Journal de premier plan
Tout cela est dû, dit Gligorijević, que « pour la première fois dans l’histoire de la Serbie que les femmes sont vraiment en première ligne avec les hommes. Biljana Janjic, directrice exécutive de l’organisation féministe Femplatz, est également écrasante: » ces tactiques proviennent d’un système de silence profondé L’histoire de Nikolina n’est que la pointe d’un iceberg.
« Nous nous concentrons uniquement sur les cas les plus extrêmes, les voitures délibérées, possèdent le sexe ». « Nous avons même enregistré le cas d’un professeur de primaire qui a été attaqué dans les médias via une vidéo de contenu intime, car il a montré son soutien à la protestation des étudiants. Et aussi ceux des lycéens, certains mineurs, qui ont été la cible des attaques contre les réseaux sociaux », ajoute-t-il.
Clôture
Pour sa part, le gouvernement de la Serbie – un candidat pour entrer dans l’UE – a clôturé les rangs avant l’affaire. De plus, la ministre de l’Intérieur, Ivica Dačić, a rejeté les accusations de la jeune femme et a même suggéré qu’elle mentirait. « Il n’y a eu aucun lien ou abus, toutes les actions ont été réalisées conformément à la loi, uniquement dans le but de préserver l’ordre et la paix », a déclaré la ministre de l’Intérieur, Ivica Dačić, à propos de l’arrestation de l’étudiante Nikolina Sinđelić « , a déclaré Dačić. Selon lui, la jeune femme voulait » attaquer la police « et pendant l’enregistrement, elle l’a trouvé » un torche. »

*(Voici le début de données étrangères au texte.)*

lemma fq_inv_in_other_hole:
  assumes z: "z \<in> gasket \<beta>" and i: "i \<in> {0,1,2}" and large: "1 \<le> \<beta> * bary \<beta> i z"
    and out: "fq_inv \<beta> i z \<notin> gasket \<beta>"
  obtains j m where "j \<in> {0,1,2}" "j \<noteq> i" "1 \<le> m" "fq_inv \<beta> i z \<in> hole \<beta> j m"
    "1 \<le> \<beta> * bary \<beta> j z"
proof -
  have z_tri: "z \<in> tri \<beta>" and z_out: "z \<notin> hole_union \<beta>"
    using z by (auto simp: gasket_def)
  have "fq_inv \<beta> i z \<in> tri \<beta>"
    using fq_inv_in_tri_iff[OF z_tri i] large by simp
  then obtain j m where j: "j \<in> {0,1,2}" and in_hole: "fq_inv \<beta> i z \<in> hole \<beta> j m"
    using out by (auto simp: gasket_def hole_union_def)
  have not_own: "fq_inv \<beta> i z \<notin> hole \<beta> i l" for l
  proof
    assume "fq_inv \<beta> i z \<in> hole \<beta> i l"
    then have "z \<in> fq \<beta> i ` hole \<beta> i l" by (simp add: mem_fq_image_iff)
    then have "z \<in> hole \<beta> i (Suc l)" by (simp add: hole_Suc[OF i])
    then show False using z_out i unfolding hole_union_def by blast
  qed
  then have "j \<noteq> i" using in_hole by blast
  moreover have "m \<noteq> 0"
  proof
    assume "m = 0"
    then have "fq_inv \<beta> i z \<in> hole \<beta> i 0" using in_hole hole_0[OF i] hole_0[OF j] by simp
    then show False using not_own by blast
  qed
  moreover have "1 \<le> \<beta> * bary \<beta> j z"
  proof -
    obtain k where k: "k \<in> {0,1,2}" "k \<noteq> j" "k \<noteq> i" "{0,1,2} = {j, i, k}"
      using third_index[OF j i \<open>j \<noteq> i\<close>] .
    have "bary \<beta> i (fq_inv \<beta> i z) < hole_rad \<beta> m" "bary \<beta> k (fq_inv \<beta> i z) < hole_rad \<beta> m"
      using in_hole mem_hole_iff[OF k(4) \<open>j \<noteq> i\<close> k(2,3)[symmetric]] by simp_all
    then have "\<beta> * bary \<beta> i z - 1 < hole_rad \<beta> m" "\<beta> * bary \<beta> k z < hole_rad \<beta> m"
      using i k(1-3) by (simp_all add: bary_fq_inv)
    moreover have "\<beta> * (bary \<beta> j z + bary \<beta> i z + bary \<beta> k z) = side_len \<beta> + 1"
      using bary_sum[OF j i k(1) \<open>j \<noteq> i\<close> k(2,3)[symmetric], of z] side_len_mult by simp
    moreover have "2 * hole_rad \<beta> m \<le> side_len \<beta> - 1"
      using two_hole_rad_1_le hole_rad_antimono[of 1 m] \<open>m \<noteq> 0\<close> by simp
    ultimately show ?thesis by (simp add: distrib_left)
  qed
  ultimately show ?thesis using that[OF j] in_hole by (simp add: Suc_le_eq)
qed

lemma fq_gasket_subset:
  assumes i: "i \<in> {0,1,2}"
  shows "fq \<beta> i ` gasket \<beta> \<subseteq> gasket \<beta>"
proof
  fix z assume "z \<in> fq \<beta> i ` gasket \<beta>"
  then obtain w where w: "w \<in> gasket \<beta>" and z: "z = fq \<beta> i w" by blast
  have w_tri: "w \<in> tri \<beta>" and w_out: "w \<notin> hole_union \<beta>"
    using w by (auto simp: gasket_def)
  have w_nonneg: "0 \<le> bary \<beta> j w" if "j \<in> {0,1,2}" for j
    using w_tri that unfolding tri_def by blast
  have "0 \<le> bary \<beta> j z" if j: "j \<in> {0,1,2}" for j
    unfolding z bary_fq[OF i j] using w_nonneg[OF j] \<beta>_gt_1 by simp
  then have "z \<in> tri \<beta>" by (simp add: tri_def)
  have large: "1 \<le> \<beta> * bary \<beta> i z"
    unfolding z bary_fq[OF i i] using w_nonneg[OF i] \<beta>_gt_1 by simp
  have "z \<notin> hole \<beta> j n" if j: "j \<in> {0,1,2}" for j n
  proof
    assume in_hole: "z \<in> hole \<beta> j n"
    show False
    proof (cases "j = i \<and> n \<noteq> 0")
      case True
      then obtain l where "j = i" "n = Suc l" by (metis not0_implies_Suc)
      then have "z \<in> fq \<beta> i ` hole \<beta> i l" using in_hole hole_Suc[OF i, of l] by simp
      then have "w \<in> hole \<beta> i l" by (simp add: mem_fq_image_iff z fq_inv_fq)
      then show False using w_out i by (auto simp: hole_union_def)
    next
      case False
      then have "\<beta> * bary \<beta> i z < 1" using bary_lt_in_hole[OF i j in_hole] by blast
      then show False using large by simp
    qed
  qed
  with \<open>z \<in> tri \<beta>\<close> show "z \<in> gasket \<beta>" by (auto simp: gasket_def hole_union_def)
qed

lemma gasket_subset_fq_image:
  assumes z: "z \<in> gasket \<beta>"
  shows "\<exists>i\<in>{0,1,2}. fq_inv \<beta> i z \<in> gasket \<beta>"
proof (rule ccontr)
  assume none: "\<not> ?thesis"
  have "z \<notin> hole \<beta> 0 0" using z by (auto simp: gasket_def hole_union_def)
  then obtain i where i: "i \<in> {0,1,2}" and large: "1 \<le> \<beta> * bary \<beta> i z"
    using hole_0[of 0] by (auto simp: not_less)
  have "fq_inv \<beta> i z \<notin> gasket \<beta>" using none i by blast
  then obtain j m where j: "j \<in> {0,1,2}" "j \<noteq> i" "1 \<le> m" "fq_inv \<beta> i z \<in> hole \<beta> j m"
      and large_j: "1 \<le> \<beta> * bary \<beta> j z"
    by (rule fq_inv_in_other_hole[OF z i large])
  have "fq_inv \<beta> j z \<notin> gasket \<beta>" using none j(1) by blast
  then obtain j' m' where j': "j' \<in> {0,1,2}" "j' \<noteq> j" "1 \<le> m'" "fq_inv \<beta> j z \<in> hole \<beta> j' m'"
      "1 \<le> \<beta> * bary \<beta> j' z"
    by (rule fq_inv_in_other_hole[OF z j(1) large_j])
  show False
  proof (cases "j' = i")
    case True
    then show False using fq_inv_cross_holes[OF i j(1) j(2)[symmetric] j(3) j'(3) j(4)] j'(4) by simp
  next
    case False
    then have "\<beta> * (\<beta> * bary \<beta> i z) < 1"
      using bary_lt_in_hole[OF i j'(1,4)] bary_fq_inv[OF j(1) i] j(2) by simp
    moreover have "1 * 1 \<le> \<beta> * (\<beta> * bary \<beta> i z)"
      using large \<beta>_gt_1 by (intro mult_mono) auto
    ultimately show False by simp
  qed
qed

lemma gasket_self_similar: "gasket \<beta> = (\<Union>i\<in>{0,1,2}. fq \<beta> i ` gasket \<beta>)"
proof
  show "gasket \<beta> \<subseteq> (\<Union>i\<in>{0,1,2}. fq \<beta> i ` gasket \<beta>)"
  proof
    fix z assume "z \<in> gasket \<beta>"
    then obtain i where i: "i \<in> {0,1,2}" and "fq_inv \<beta> i z \<in> gasket \<beta>"
      using gasket_subset_fq_image by blast
    then have "z \<in> fq \<beta> i ` gasket \<beta>" by (simp add: mem_fq_image_iff)
    with i show "z \<in> (\<Union>i\<in>{0,1,2}. fq \<beta> i ` gasket \<beta>)" by blast
  qed
  show "(\<Union>i\<in>{0,1,2}. fq \<beta> i ` gasket \<beta>) \<subseteq> gasket \<beta>"
    using fq_gasket_subset by blast
qed

lemma compact_gasket: "compact (gasket \<beta>)"
proof -
  have "open (hole_union \<beta>)" unfolding hole_union_def by (intro open_UN ballI open_hole)
  then have "closed (gasket \<beta>)" by (simp add: gasket_def closed_tri closed_Diff)
  moreover have "bounded (gasket \<beta>)"
    using bounded_tri bounded_subset by (auto simp: gasket_def)
  ultimately show ?thesis by (simp add: compact_eq_bounded_closed)
qed

lemma S_beta_eq_gasket: "S_beta \<beta> = gasket \<beta>"
  using S_beta_eqI[OF \<beta>_gt_1] vertex_in_gasket compact_gasket gasket_self_similar by blast

lemma Delta_eq_tri: "Delta \<beta> = tri \<beta>"
  by (simp add: Delta_def S_beta_eq_gasket convex_hull_gasket)

lemma Hc_eq_hole: "Hc \<beta> = hole \<beta> 0 0"
proof (rule set_eqI)
  fix z
  have "z \<in> Hc \<beta> \<longleftrightarrow> z \<in> tri \<beta> \<and> (\<forall>i\<in>{0,1,2}. fq_inv \<beta> i z \<notin> tri \<beta>)"
    by (simp add: Hc_def Delta_eq_tri mem_fq_image_iff)
  also have "\<dots> \<longleftrightarrow> z \<in> tri \<beta> \<and> (\<forall>i\<in>{0,1,2}. \<beta> * bary \<beta> i z < 1)"
  proof (cases "z \<in> tri \<beta>")
    case True
    then show ?thesis using fq_inv_in_tri_iff[OF True] by (simp add: not_le)
  qed simp
  also have "\<dots> \<longleftrightarrow> z \<in> hole \<beta> 0 0"
    using hole_subset_tri[of 0 0] hole_0[of 0] by auto
  finally show "z \<in> Hc \<beta> \<longleftrightarrow> z \<in> hole \<beta> 0 0" .
qed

Dans ce sens, de l’Organisation de partage de Belgrase, spécialisée dans les droits numériques et les libertés civiques, Mila Bajić indique un autre problème: que dans de nombreux cas, les plaintes n’ont pas été correctement étudiées par les autorités serbes. C’est le cas de Nikolina, dans laquelle « il n’y a pas eu de réponse adéquate du bureau du procureur, d’autant plus que Nikolina était mineure lorsque les photos ont été prises (diffusées sur Internet), ce qui signifie que (nous parlons) de la distribution de la pornographie infantile », dit cet analyste.
Mais tout n’est pas négatif pour les manifestants. Le reflet de cela a également été ces derniers jours, un article de Balkan Insight, le site Web anglais le plus influent, intitulé En Serbie, la sexualité des femmes est utilisée comme une arme pour faire taire la dissidence. Selon Bajić, en fait, le cas de Nikolina « a été contre-productif (pour les auteurs), car elle n’a pas reculé, mais a redoublé ses efforts et a montré une résistance incroyable à ces menaces et à ces intimidations (…) qui, dans le passé, ont souvent utilisé (en Serbie) pour exclure particulièrement les voix des femmes. » Nikolina, en revanche, « a reçu un soutien extraordinaire, à la fois de ses camarades et de sa société ».